Adams reportedly claimed that he felt the email account was open to public use since it showed up in Google search results.  However, privacy concerns were widely expressed over his decision to share the executive’s contact details, and thus his account was suspended. 

Apparently NBC complained, Twitter listened, and Guy’s account was shut down. After a bit of hullabaloo, Twitter then changed heart and re-activated his Twitter account.  I received several great questions related to this, collectively boiling down to the following five:

  1. “Can’t information found online be re-posted elsewhere online?”
  2. “Should the email address of an executive at a public company be considered as private?”
  3.  “If someone tweeted a phone number available in the public phone book, would that be a violation of Twitter rules?”
  4. “Could a Twitter user be prosecuted for publicly posting the contact details of anyone, regardless of what type of position they had or organization they worked for”?
  5. “Where is the line between what can be considered as “public” and “private” contact details?”
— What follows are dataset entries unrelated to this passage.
lemma rrun_supermartingale:
  fixes f :: "rstate \<Rightarrow> real"
  assumes adv: "valid_adv k adv"
    and step: "\<And>s i. protocol_inv s \<Longrightarrow> i < k \<Longrightarrow>
      prob s * f (rstep k \<epsilon> c s i True) + (1 - prob s) * f (rstep k \<epsilon> c s i False) \<le> f s"
  shows "measure_pmf.expectation (rrun k \<epsilon> c adv m) (\<lambda>h. f (last (fst h))) \<le> f rinit"
proof (induction m)
  case (Suc m)
  have "prob (last (fst h)) \<in> {0..1}" if "h \<in> set_pmf (rrun k \<epsilon> c adv m)" for h
    using rrun_inv[OF adv that] by (simp add: protocol_inv_def)
  then have "measure_pmf.expectation (rrun k \<epsilon> c adv (Suc m)) (\<lambda>h. f (last (fst h))) =
    measure_pmf.expectation (rrun k \<epsilon> c adv m)
      (\<lambda>(ss, bs). let s = last ss; i = adv ss bs in
         prob s * f (rstep k \<epsilon> c s i True) + (1 - prob s) * f (rstep k \<epsilon> c s i False))"
    by (rule expectation_rrun_Suc)
  also have "\<dots> \<le> measure_pmf.expectation (rrun k \<epsilon> c adv m) (\<lambda>h. f (last (fst h)))"
  proof (intro integral_mono_AE AE_pmfI)
    fix h assume "h \<in> set_pmf (rrun k \<epsilon> c adv m)"
    moreover have "adv (fst h) (snd h) < k"
      using adv by (simp add: valid_adv_def)
    ultimately show "(case h of (ss, bs) \<Rightarrow> let s = last ss; i = adv ss bs in
         prob s * f (rstep k \<epsilon> c s i True) + (1 - prob s) * f (rstep k \<epsilon> c s i False))
       \<le> f (last (fst h))"
      using rrun_inv[OF adv] step by (auto simp: Let_def split: prod.splits)
  qed (auto intro!: integrable_measure_pmf_finite simp: finite_set_pmf_rrun)
  finally show ?case
    using Suc by simp
qed simp

section \<open>The horizon\<close>

text \<open>Each of the \<open>k - B\<close> missing reports takes \<open>1 / p\<close> events on average.\<close>

definition horizon :: "rstate \<Rightarrow> real" where
  "horizon s = real (event_count s) + real (k - bcnt s) / prob s"

lemma horizon_ge: "protocol_inv s \<Longrightarrow> real (event_count s) + 1 / prob s \<le> horizon s"
  unfolding protocol_inv_def horizon_def by (auto intro: divide_right_mono)

lemma event_count_lt_horizon: "protocol_inv s \<Longrightarrow> real (event_count s) < horizon s"
proof -
  assume inv: "protocol_inv s"
  then have "0 < 1 / prob s"
    by (simp add: protocol_inv_def)
  with horizon_ge[OF inv] show ?thesis
    by linarith
qed

lemma horizon_le: "protocol_inv s \<Longrightarrow> horizon s \<le> real k + (1 + ratio) * real (event_count s)"
proof -
  assume inv: "protocol_inv s"
  then have "real (k - bcnt s) / prob s \<le> real k / prob s"
    by (intro divide_right_mono) (auto simp: protocol_inv_def)
  also have "\<dots> \<le> max (real k) (ratio * real (event_count s))"
    using inv by (simp add: protocol_inv_def)
  also have "\<dots> \<le> real k + ratio * real (event_count s)"
    using ratio_pos by simp
  finally show ?thesis
    by (simp add: horizon_def algebra_simps)
qed

lemma inverse_prob_le: "protocol_inv s \<Longrightarrow> 1 / prob s - 1 \<le> ratio * real (event_count s)"
proof -
  assume inv: "protocol_inv s"
  then have "real k / prob s \<le> max (real k) (ratio * real (event_count s))"
    by (simp add: protocol_inv_def)
  also have "\<dots> \<le> real k * (1 + ratio * real (event_count s))"
    using k_ge_1 ratio_pos mult_right_mono[of 1 "real k" "ratio * real (event_count s)"]
    by (simp add: algebra_simps)
  finally have "real k * (1 / prob s) \<le> real k * (1 + ratio * real (event_count s))"
    by simp
  moreover have "0 < real k"
    using k_ge_1 by simp
  ultimately have "1 / prob s \<le> 1 + ratio * real (event_count s)"
    by (rule mult_left_le_imp_le)
  then show ?thesis
    by simp
qed

lemma horizon_no_report: "i < k \<Longrightarrow> horizon (rstep k \<epsilon> c s i False) = horizon s + 1"
  by (simp add: horizon_def event_count_rstep)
Love these questions!  And, as with most privacy questions the answer begins with, “It depends…” Let’s look at each question separately.

1.    Isn’t all data found online “free” data, open to use willy-nilly?

There is a lot of information that shows up in search tool results that was not meant to be public, and either got there maliciously, mistakenly, or as a result of poor understanding of how online data can be discovered.   Information found online is simply not free for the taking to use and repost as you wish. 

I discussed many of the reasons why in a blog post from early this year, “Is Information Found Online Legally Fair Game To Use For Marketing?”  In this age of Big Data and all the promoted uses of such, it becomes very tempting to think that anything found online is fair pickings; but remember that it is not.

2.    Are email addresses of public company executives considered private?

It may depend upon what position that executive held.  It would also be important to know if the company had actually posted their executives’ email addresses on their site.  Was the NBC executive’s email address was listed on the NBC site and made public there?  I just looked, and found Jim Bell’s bio.  I did a brief search, but did not find Jim Bell’s, or any of the other executive’s, email addresses.

Another consideration would be if the executive had his own web site where he made his email publicly available. Or, if Bell, himself, had listed it on a public site. If Bell, or NBC, had put his email address online purposefully, then it would be hard to say he had any expectation that it would not be used, such as in a tweet. However, if it was online and found through a search tool after it had been put online inadvertently or without authorization, then it would become more of a privacy issue.  The devil’s in the details.

The issue really is not whether he works for a public company; it is whether the company, or he, had made his email address public themselves.

3.    Can you tweet a phone number that is published in a phone book?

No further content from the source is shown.